= Stanley Rubinstein =

British lawyer and historian

Stanley Jack Rubinstein (17 January 1890 – 14 February 1975) was a British solicitor who specialised in copyright law, a novelist and historian.

== Biography ==
Rubinstein was born in Kensington, the eldest son of Joseph Samuel Rubinstein (1852–1915) and Isabella Alexandra Marks (1864–1960). He had two brothers, Harold (1891- 1975) and Ronald (1896–1947), and a sister Edna (born 1893).

Rubinstein followed his father as senior partner of the law firm Rubinstein, Nash & Co, where he also worked with his brothers Harold and Ronald at offices in Gray's Inn. His father had established the practice in 1889 with Daniel Leggatt, as Leggatt, Rubinstein & Co. The firm developed an expertise in publishing matters.

Prior to World War I, he ran a concert party, "The Mixed Pickles", who entertained youth clubs in London.

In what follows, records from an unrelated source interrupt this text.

(* Let $q\ge5$, $q\not\equiv0\pmod3$. For the orbit $\mathcal O_L$ we have $P_T=V_2+1$ and $P_{1_\Gamma}=V_1$.
   Context: Let $\mathbb F_q$ be the field of order $q$ and $\mathrm{PG}(3,q)$ the projective space with points $\mathbf P(x_0,x_1,x_2,x_3)$. For $t\in\mathbb F_q$ put $P(t)=\mathbf P(t^3,t^2,t,1)$, and $P(\infty)=\mathbf P(1,0,0,0)$; the twisted cubic is $\mathcal C=\{P(t):t\in\mathbb F_q\cup\{\infty\}\}$ and $G_q$ is the group of projectivities fixing $\mathcal C$. The osculating plane at $P(t)$ is $x_0-3tx_1+3t^2x_2-t^3x_3=0$ ($t\in\mathbb F_q$) and $x_3=0$ at $P(\infty)$; these are the $\Gamma$-planes. The tangent at $P(t)$, $t\in\mathbb F_q$, is the line through $P(t)$ and $\mathbf P(3t^2,2t,1,0)$; at $P(\infty)$ it is the line through $\mathbf P(1,0,0,0),\mathbf P(0,1,0,0)$. $T$-points are points off $\mathcal C$ on a tangent; $1_\Gamma$-points are points off $\mathcal C$ lying in exactly one $\Gamma$-plane. $\ell_L$ is the line through $\mathbf P(1,0,0,1)$ and $\mathbf P(0,0,1,0)$, i.e. $\{\mathbf P(0,0,1,0)\}\cup\{\mathbf P(1,0,\beta,1):\beta\in\mathbb F_q\}$, and $\mathcal O_L$ is its $G_q$-orbit; for a point type $\mathfrak p$, $P_{\mathfrak p}$ is the number of $\mathfrak p$-points on a line of $\mathcal O_L$. For $m\in\{0,1,2,3\}$, $V_m$ is the number of $\beta\in\mathbb F_q$ such that $t^3-3\beta t^2-1=0$ has exactly $m$ distinct solutions $t\in\mathbb F_q$. *)

theory Defs
  imports "HOL-Analysis.Analysis"
begin
(* For every integer $n\ge1$ and every $u\in V$, $\Pr(E_{6u})<\dfrac{36\,\zeta(3)}{\ln^{2}(n+1)}$, where $\zeta(3)=\sum_{i\ge1} i^{-3}$.
   Context: For an integer $n\ge1$, the $n$-octahedral graph $G'_n=(V,E')$ is the undirected graph with vertex set $V=\{u\in\mathbb{Z}^3:|u_1|+|u_2|+|u_3|=n\}$ and edge set $E'=\{\{v,w\}\subset V: v\neq w,\ |v_i-w_i|\le 1 \text{ for all } i=1,2,3\}$. For $u,v\in V$, $d_{uv}$ denotes the shortest-path distance in $G'_n$, and $Z_u=\left(\sum_{w\in V\setminus\{u\}} d_{uw}^{-2}\right)^{-1}$. The OSW random graph $G_n=(V,E)$ is the directed graph in which, for every $\{u,v\}\in E'$, both $(u,v),(v,u)\in E$, and in addition each vertex $u\in V$, independently of the others, chooses one vertex $v\in V\setminus\{u\}$ with probability $Z_u d_{uv}^{-2}$ and the long-range edge $(u,v)$ is added; $C_{uv}$ denotes the event that $u$ chooses $v$. For an ordered pair $(x,y)$ of distinct vertices, say $(x,y)$ is of type $s$ if $\{x,y\}\in E'$, and of type $w$ if $d_{xy}\ge2$ and $C_{xy}$ occurs. A C3 rooted at $u$ of type $(t_1,t_2,t_3)\in\{s,w\}^3$ is a triple $(u,a,b)$ of pairwise distinct vertices such that $(u,a)$ is of type $t_1$, $(a,b)$ is of type $t_2$ and $(b,u)$ is of type $t_3$. $E_{6u}$ is the event that there exists a C3 rooted at $u$ of type $(w,w,s)$. *)

theory Defs
  imports "HOL-Probability.Probability"
begin

type_synonym vtx = "int \<times> int \<times> int"

definition octV :: "nat \<Rightarrow> vtx set" where
  "octV n = {(x,y,z). \<bar>x\<bar> + \<bar>y\<bar> + \<bar>z\<bar> = int n}"

definition octAdj :: "nat \<Rightarrow> vtx \<Rightarrow> vtx \<Rightarrow> bool" where
  "octAdj n v w \<longleftrightarrow> v \<in> octV n \<and> w \<in> octV n \<and> v \<noteq> w \<and>
     \<bar>fst v - fst w\<bar> \<le> 1 \<and> \<bar>fst (snd v) - fst (snd w)\<bar> \<le> 1 \<and>
     \<bar>snd (snd v) - snd (snd w)\<bar> \<le> 1"

definition octRel :: "nat \<Rightarrow> vtx rel" where
  "octRel n = {(v,w). octAdj n v w}"

definition octDist :: "nat \<Rightarrow> vtx \<Rightarrow> vtx \<Rightarrow> nat" where
  "octDist n u v = (LEAST k. (u,v) \<in> octRel n ^^ k)"

definition octZ :: "nat \<Rightarrow> vtx \<Rightarrow> real" where
  "octZ n u = inverse (\<Sum>w\<in>octV n - {u}. 1 / (real (octDist n u w))\<^sup>2)"

definition choice_pmf :: "nat \<Rightarrow> vtx \<Rightarrow> vtx pmf" where
  "choice_pmf n u = embed_pmf (\<lambda>v. if v \<in> octV n - {u}
                                    then octZ n u / (real (octDist n u v))\<^sup>2 else 0)"

text \<open>Joint distribution of all choices (independent over vertices);
  outcome c: vertex u chooses c u.\<close>
definition OSW :: "nat \<Rightarrow> (vtx \<Rightarrow> vtx) pmf" where
  "OSW n = Pi_pmf (octV n) (0,0,0) (choice_pmf n)"
lemma gauss_limit_add_le:
  assumes U: "ultrafilter_on_nat \<omega>" and P: "P \<in> Apoly \<epsilon>" and Q: "Q \<in> Apoly \<epsilon>"
  shows "gauss_limit \<omega> (P + Q) \<le> gauss_limit \<omega> P + gauss_limit \<omega> Q"
proof (rule ultrafilter_tendsto_le[OF U tendsto_gauss_limit[OF U Apoly_add[OF P Q]]
      tendsto_add[OF tendsto_gauss_limit[OF U P] tendsto_gauss_limit[OF U Q]]],
    intro always_eventually allI)
  fix n
  let ?p = "slice_poly P n" and ?q = "slice_poly Q n"
  have "l1_norm (?p + ?q) powr \<epsilon> n \<le> (l1_norm ?p + l1_norm ?q) powr \<epsilon> n"
    using eps_pos[of n] l1_norm_nonneg by (intro powr_mono2 l1_norm_add_le) auto
  also have "\<dots> \<le> l1_norm ?p powr \<epsilon> n + l1_norm ?q powr \<epsilon> n"
    using eps_pos[of n] eps_le_1[of n] l1_norm_nonneg by (intro powr_add_le) auto
  finally show "l1_norm (slice_poly (P + Q) n) powr \<epsilon> n \<le>
      l1_norm ?p powr \<epsilon> n + l1_norm ?q powr \<epsilon> n" by (simp add: slice_poly_add)
qed

text \<open>Multiplicativity holds only up to the factor \<open>c\<^sup>\<epsilon>\<^sup>n\<close>, where \<open>c\<close> comes from a common angle
  at which both factors are large; this factor disappears in the limit since \<open>\<epsilon>\<^sub>n \<rightarrow> 0\<close>.\<close>

lemma gauss_limit_mult:
  assumes U: "ultrafilter_on_nat \<omega>" and na: "\<not> archimedean_at \<epsilon> \<omega>"
    and P: "P \<in> Apoly \<epsilon>" and Q: "Q \<in> Apoly \<epsilon>"
  shows "gauss_limit \<omega> (P * Q) = gauss_limit \<omega> P * gauss_limit \<omega> Q"
proof (rule antisym)
  have PQ: "P * Q \<in> Apoly \<epsilon>" using Apoly_mult[OF P Q] .
  let ?p = "\<lambda>n. slice_poly P n" and ?q = "\<lambda>n. slice_poly Q n"
  show "gauss_limit \<omega> (P * Q) \<le> gauss_limit \<omega> P * gauss_limit \<omega> Q"
  proof (rule ultrafilter_tendsto_le[OF U tendsto_gauss_limit[OF U PQ]
        tendsto_mult[OF tendsto_gauss_limit[OF U P] tendsto_gauss_limit[OF U Q]]],
      intro always_eventually allI)
    fix n
    have "l1_norm (?p n * ?q n) powr \<epsilon> n \<le> (l1_norm (?p n) * l1_norm (?q n)) powr \<epsilon> n"
      using eps_pos[of n] l1_norm_nonneg by (intro powr_mono2 l1_norm_mult_le) auto
    then show "l1_norm (slice_poly (P * Q) n) powr \<epsilon> n \<le>
        l1_norm (?p n) powr \<epsilon> n * l1_norm (?q n) powr \<epsilon> n"
      using l1_norm_nonneg by (simp add: slice_poly_mult powr_mult)
  qed
  define c where "c = (circle_bound_const (max (degree P) (degree Q)))\<^sup>2"
  have c: "0 < c"
    unfolding c_def using circle_bound_const_pos[of "max (degree P) (degree Q)"] by simp
  have "c * (l1_norm (?p n) * l1_norm (?q n)) \<le> l1_norm (slice_poly (P * Q) n)" for n
    unfolding c_def slice_poly_mult
    using degree_slice_poly_le[of P n] degree_slice_poly_le[of Q n]
    by (intro l1_norm_mult_ge) auto
  then have "eventually (\<lambda>n. c powr \<epsilon> n * (l1_norm (?p n) powr \<epsilon> n * l1_norm (?q n) powr \<epsilon> n)
      \<le> l1_norm (slice_poly (P * Q) n) powr \<epsilon> n) \<omega>"
    using c l1_norm_nonneg eps_pos
    by (intro always_eventually allI) (simp add: powr_mult[symmetric] powr_mono2 less_imp_le)
  moreover have "((\<lambda>n. c powr \<epsilon> n * (l1_norm (?p n) powr \<epsilon> n * l1_norm (?q n) powr \<epsilon> n))
      \<longlongrightarrow> 1 * (gauss_limit \<omega> P * gauss_limit \<omega> Q)) \<omega>"
    by (intro tendsto_mult powr_eps_tendsto_1_non_archimedean U na c tendsto_gauss_limit P Q)
  ultimately show "gauss_limit \<omega> P * gauss_limit \<omega> Q \<le> gauss_limit \<omega> (P * Q)"
    using ultrafilter_tendsto_le[OF U _ tendsto_gauss_limit[OF U PQ]] by simp
qed

lemma gauss_limit_in_Disc:
  assumes U: "ultrafilter_on_nat \<omega>" and na: "\<not> archimedean_at \<epsilon> \<omega>"
  shows "(\<lambda>P. if P \<in> Apoly \<epsilon> then gauss_limit \<omega> P else 0) \<in> Disc \<epsilon>"
proof -
  have const: "gauss_limit \<omega> [:a:] = absw \<epsilon> \<omega> a" if "a \<in> Aeps \<epsilon>" for a
    using that tendsto_absw[OF U that] Apoly_const
    by (intro gauss_limit_eqI[OF U]) (simp_all add: slice_poly_const)
  have "gauss_limit \<omega> 0 = 0" "gauss_limit \<omega> 1 = 1" "gauss_limit \<omega> [:0, 1:] = 1"
    using gauss_limit_eqI[OF U Apoly_0] gauss_limit_eqI[OF U Apoly_1] gauss_limit_eqI[OF U Apoly_X]
    by (simp_all add: slice_poly_0 slice_poly_1 slice_poly_X l1_norm_pCons)
  moreover have "gauss_limit \<omega> (P + Q) \<le> gauss_limit \<omega> P + gauss_limit \<omega> Q"
    "gauss_limit \<omega> (P * Q) = gauss_limit \<omega> P * gauss_limit \<omega> Q"
    if "P \<in> Apoly \<epsilon>" "Q \<in> Apoly \<epsilon>" for P Q
    using that gauss_limit_add_le[OF U] gauss_limit_mult[OF U na] by auto
  ultimately show ?thesis
    unfolding Disc_def Berk_A1_def
    using U Apoly_0 Apoly_1 Apoly_X Apoly_add Apoly_mult
    by (auto simp: Apoly_const const gauss_limit_bounds absw_le_normA)
qed
lemma fps_nth_fps_comp_gen_le_startsby_zero:
  assumes X: "nonneg_summable_fps X" and C: "nonneg_summable_fps C" "fps_mass C \<le> 1"
    and C0: "fps_nth C 0 = 0" and "1 \<le> j"
  shows "fps_nth (fps_comp_gen X C) j \<le> fps_nth C 1 ^ j * fps_nth X j + (\<Sum>i\<in>{1..<j}. fps_nth X i)"
proof -
  have "fps_nth (fps_comp_gen X C) j = (\<Sum>i\<in>insert j {1..<j}. fps_nth X i * fps_nth (C ^ i) j)"
    unfolding fps_comp_gen_nth
  proof (rule suminf_finite)
    show "fps_nth X i * fps_nth (C ^ i) j = 0" if "i \<notin> insert j {1..<j}" for i
    proof (cases "i = 0")
      case True
      then show ?thesis using \<open>1 \<le> j\<close> by simp
    next
      case False
      then have "j < i"
        using that by auto
      then show ?thesis
        using startsby_zero_power_prefix[OF C0, of i] by simp
    qed
  qed simp
  also have "\<dots> = fps_nth C 1 ^ j * fps_nth X j + (\<Sum>i\<in>{1..<j}. fps_nth X i * fps_nth (C ^ i) j)"
    by (simp add: startsby_zero_power_nth_same[OF C0])
  also have "\<dots> \<le> fps_nth C 1 ^ j * fps_nth X j + (\<Sum>i\<in>{1..<j}. fps_nth X i)"
    using nonneg_summable_fpsD(1)[OF X] fps_nth_power_le_one[OF C]
    by (intro add_left_mono sum_mono) (simp add: mult_left_le)
  finally show ?thesis .
qed

lemma p_iter_nth_tendsto_zero_const_pos:
  assumes P: "nonneg_summable_fps P" "fps_mass P \<le> 1" and "0 < fps_nth P 0" and "1 \<le> j"
  shows "(\<lambda>n. fps_nth (p_iter P (Suc n)) j) \<longlonglongrightarrow> 0"
proof -
  define c where "c n = p_iter P (Suc n)" for n
  define x where "x n = fps_nth (c n) 0" for n
  define a where "a = fps_nth P 0 ^ j"
  have "0 < a"
    using assms(3) by (simp add: a_def)
  have c_bounds: "0 \<le> fps_nth (c n) i" "fps_nth (c n) i \<le> 1" for n i
    unfolding c_def using p_iter_nth_bounds[OF P] by auto
  have step: "x n + fps_nth (c n) j * a \<le> x (Suc n)" for n
    using fps_nth_fps_comp_gen_zero_ge[OF nonneg_summable_fps_p_iter(1)[OF P] P, of j n] \<open>1 \<le> j\<close>
    by (simp add: x_def c_def a_def p_iter_Suc_Suc_right[OF P] del: p_iter.simps)
  have "incseq x"
  proof (rule incseq_SucI)
    show "x n \<le> x (Suc n)" for n
      using step[of n] mult_nonneg_nonneg[OF c_bounds(1)[of n j] less_imp_le[OF \<open>0 < a\<close>]]
      by linarith
  qed
  moreover have "\<forall>n. x n \<le> 1"
    using c_bounds(2) by (simp add: x_def)
  ultimately obtain L where L: "x \<longlonglongrightarrow> L" "\<forall>n. x n \<le> L"
    by (rule incseq_convergent)
  have "(\<lambda>n. (x (Suc n) - x n) / a) \<longlonglongrightarrow> (L - L) / a"
    by (intro tendsto_divide tendsto_diff LIMSEQ_Suc[OF L(1)] L(1) tendsto_const) (use \<open>0 < a\<close> in simp)
  then have lim: "(\<lambda>n. (x (Suc n) - x n) / a) \<longlonglongrightarrow> 0"
    by simp
  have "fps_nth (c n) j \<le> (x (Suc n) - x n) / a" for n
    using step[of n] \<open>0 < a\<close> by (simp add: pos_le_divide_eq)
  then show ?thesis
    unfolding c_def[symmetric]
    by (intro tendsto_sandwich[where f = "\<lambda>_. 0", OF _ _ tendsto_const lim] always_eventually allI c_bounds)
qed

He wrote and performed songs, some of which were published.

Stanley Rubinstein married Vera Solomon on 24 June 1915 at the New West End Synagogue in St Petersburgh Place, Bayswater, West London. His daughter Joan and son Anthony also worked for the family law firm, as did his grandson John Rubinstein. The firm merged with Manches in 1994, and Penningtons bought Manches in a pre-pack administration in 2013.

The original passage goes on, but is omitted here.